* **Action item**
Search the material for the word "define" and copy each line that holds it.

* **Records for the exercise**

* * * * * * * * *

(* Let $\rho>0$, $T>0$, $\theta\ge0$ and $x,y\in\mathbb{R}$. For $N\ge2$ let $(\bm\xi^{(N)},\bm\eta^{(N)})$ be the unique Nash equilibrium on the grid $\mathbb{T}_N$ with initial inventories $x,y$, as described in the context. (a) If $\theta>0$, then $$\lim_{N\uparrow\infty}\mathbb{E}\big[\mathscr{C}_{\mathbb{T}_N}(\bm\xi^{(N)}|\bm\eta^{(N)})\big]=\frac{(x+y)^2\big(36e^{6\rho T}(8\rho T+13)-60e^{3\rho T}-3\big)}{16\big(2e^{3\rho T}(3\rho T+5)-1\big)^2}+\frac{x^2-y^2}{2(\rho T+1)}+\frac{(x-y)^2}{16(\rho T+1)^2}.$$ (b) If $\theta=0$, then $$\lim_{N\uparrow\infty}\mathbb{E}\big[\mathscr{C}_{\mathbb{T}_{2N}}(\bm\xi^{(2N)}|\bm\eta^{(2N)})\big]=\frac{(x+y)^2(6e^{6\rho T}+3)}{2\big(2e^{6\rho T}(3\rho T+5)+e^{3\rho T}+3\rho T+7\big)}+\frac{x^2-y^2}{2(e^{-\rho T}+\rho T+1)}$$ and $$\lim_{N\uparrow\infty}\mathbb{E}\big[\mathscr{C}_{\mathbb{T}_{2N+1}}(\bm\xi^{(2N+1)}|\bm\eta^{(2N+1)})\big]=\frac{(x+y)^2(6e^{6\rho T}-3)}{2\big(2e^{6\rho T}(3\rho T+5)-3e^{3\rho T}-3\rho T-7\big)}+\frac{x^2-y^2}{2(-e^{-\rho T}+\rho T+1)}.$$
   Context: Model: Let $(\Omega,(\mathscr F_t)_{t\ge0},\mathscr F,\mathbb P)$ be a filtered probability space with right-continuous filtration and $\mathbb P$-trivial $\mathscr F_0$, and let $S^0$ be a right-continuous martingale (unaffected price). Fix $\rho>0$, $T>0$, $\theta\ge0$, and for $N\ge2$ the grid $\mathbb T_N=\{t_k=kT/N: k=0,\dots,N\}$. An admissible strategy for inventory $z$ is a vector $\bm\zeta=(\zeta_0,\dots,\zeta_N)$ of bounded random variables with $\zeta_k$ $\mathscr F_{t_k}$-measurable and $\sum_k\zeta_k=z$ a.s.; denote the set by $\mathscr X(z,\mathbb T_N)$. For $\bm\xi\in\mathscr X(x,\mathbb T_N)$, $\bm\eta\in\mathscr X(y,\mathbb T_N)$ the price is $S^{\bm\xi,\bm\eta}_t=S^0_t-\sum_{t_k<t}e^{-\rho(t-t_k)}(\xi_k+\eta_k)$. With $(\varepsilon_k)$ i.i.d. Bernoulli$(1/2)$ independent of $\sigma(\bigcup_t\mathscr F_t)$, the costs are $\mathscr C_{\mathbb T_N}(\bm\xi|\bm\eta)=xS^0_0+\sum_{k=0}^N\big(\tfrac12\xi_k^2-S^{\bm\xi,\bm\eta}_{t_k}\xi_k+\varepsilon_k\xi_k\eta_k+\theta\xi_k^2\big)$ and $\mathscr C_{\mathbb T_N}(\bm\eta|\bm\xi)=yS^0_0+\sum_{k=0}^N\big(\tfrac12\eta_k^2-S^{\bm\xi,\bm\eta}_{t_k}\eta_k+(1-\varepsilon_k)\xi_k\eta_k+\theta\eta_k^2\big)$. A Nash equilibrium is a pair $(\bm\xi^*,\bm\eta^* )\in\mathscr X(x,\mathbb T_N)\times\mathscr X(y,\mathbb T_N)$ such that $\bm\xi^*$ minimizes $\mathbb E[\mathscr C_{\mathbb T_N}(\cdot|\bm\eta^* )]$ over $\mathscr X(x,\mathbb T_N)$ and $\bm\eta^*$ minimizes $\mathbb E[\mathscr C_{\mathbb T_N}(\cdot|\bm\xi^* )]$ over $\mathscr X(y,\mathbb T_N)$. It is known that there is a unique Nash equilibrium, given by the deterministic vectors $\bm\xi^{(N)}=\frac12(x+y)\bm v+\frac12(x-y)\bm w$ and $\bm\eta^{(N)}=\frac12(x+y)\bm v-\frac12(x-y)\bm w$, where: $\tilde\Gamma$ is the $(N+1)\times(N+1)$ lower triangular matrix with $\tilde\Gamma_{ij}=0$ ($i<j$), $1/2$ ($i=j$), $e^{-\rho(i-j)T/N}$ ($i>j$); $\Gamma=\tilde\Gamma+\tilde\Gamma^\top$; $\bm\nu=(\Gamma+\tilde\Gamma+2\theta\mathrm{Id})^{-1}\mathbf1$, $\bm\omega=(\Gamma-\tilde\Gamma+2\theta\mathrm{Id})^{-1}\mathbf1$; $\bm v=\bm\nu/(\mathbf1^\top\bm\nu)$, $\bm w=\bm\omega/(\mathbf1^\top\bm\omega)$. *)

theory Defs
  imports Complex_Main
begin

* * * * * * * * *

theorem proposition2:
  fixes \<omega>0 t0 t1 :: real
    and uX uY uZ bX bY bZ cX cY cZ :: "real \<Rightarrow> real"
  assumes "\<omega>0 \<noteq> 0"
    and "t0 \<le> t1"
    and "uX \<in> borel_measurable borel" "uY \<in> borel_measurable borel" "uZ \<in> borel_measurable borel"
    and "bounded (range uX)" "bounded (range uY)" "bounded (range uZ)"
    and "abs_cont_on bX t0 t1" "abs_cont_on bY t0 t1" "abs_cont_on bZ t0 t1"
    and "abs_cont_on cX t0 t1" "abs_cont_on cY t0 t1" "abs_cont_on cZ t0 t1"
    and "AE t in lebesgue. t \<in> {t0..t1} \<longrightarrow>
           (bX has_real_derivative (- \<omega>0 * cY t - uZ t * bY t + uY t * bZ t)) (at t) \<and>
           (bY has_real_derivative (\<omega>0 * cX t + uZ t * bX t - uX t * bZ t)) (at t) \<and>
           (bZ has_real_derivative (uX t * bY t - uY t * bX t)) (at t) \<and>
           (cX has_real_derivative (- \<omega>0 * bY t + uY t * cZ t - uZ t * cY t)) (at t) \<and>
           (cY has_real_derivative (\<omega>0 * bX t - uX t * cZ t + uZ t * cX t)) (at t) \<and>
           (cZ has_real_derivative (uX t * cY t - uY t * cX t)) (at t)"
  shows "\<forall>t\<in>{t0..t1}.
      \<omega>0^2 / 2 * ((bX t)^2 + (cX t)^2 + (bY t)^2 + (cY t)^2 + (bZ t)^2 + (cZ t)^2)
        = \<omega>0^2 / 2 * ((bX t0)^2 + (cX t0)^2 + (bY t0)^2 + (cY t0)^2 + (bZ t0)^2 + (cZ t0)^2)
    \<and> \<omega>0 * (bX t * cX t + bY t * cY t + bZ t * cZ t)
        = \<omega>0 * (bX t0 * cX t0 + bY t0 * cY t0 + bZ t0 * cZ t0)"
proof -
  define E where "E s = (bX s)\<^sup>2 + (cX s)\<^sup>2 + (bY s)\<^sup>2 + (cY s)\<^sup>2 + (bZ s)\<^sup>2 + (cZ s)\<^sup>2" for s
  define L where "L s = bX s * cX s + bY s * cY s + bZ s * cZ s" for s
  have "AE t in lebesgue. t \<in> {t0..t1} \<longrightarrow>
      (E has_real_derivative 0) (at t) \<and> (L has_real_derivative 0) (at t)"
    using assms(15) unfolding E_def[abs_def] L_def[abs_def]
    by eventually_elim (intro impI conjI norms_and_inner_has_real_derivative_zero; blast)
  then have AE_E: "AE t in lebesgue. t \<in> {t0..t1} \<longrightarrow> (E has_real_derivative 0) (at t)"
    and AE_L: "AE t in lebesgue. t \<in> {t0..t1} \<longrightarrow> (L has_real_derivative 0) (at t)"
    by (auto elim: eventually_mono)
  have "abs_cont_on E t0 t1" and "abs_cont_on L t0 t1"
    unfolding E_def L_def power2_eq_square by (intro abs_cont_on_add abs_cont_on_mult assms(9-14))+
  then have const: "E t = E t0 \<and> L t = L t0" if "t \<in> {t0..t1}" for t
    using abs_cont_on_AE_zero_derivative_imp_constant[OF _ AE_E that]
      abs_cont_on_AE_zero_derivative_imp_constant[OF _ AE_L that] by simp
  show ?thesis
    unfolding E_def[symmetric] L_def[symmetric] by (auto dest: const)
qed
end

* * * * * * * * *

* **Solution to this problem**
  define E where "E s = (bX s)\<^sup>2 + (cX s)\<^sup>2 + (bY s)\<^sup>2 + (cY s)\<^sup>2 + (bZ s)\<^sup>2 + (cZ s)\<^sup>2" for s
  define L where "L s = bX s * cX s + bY s * cY s + bZ s * cZ s" for s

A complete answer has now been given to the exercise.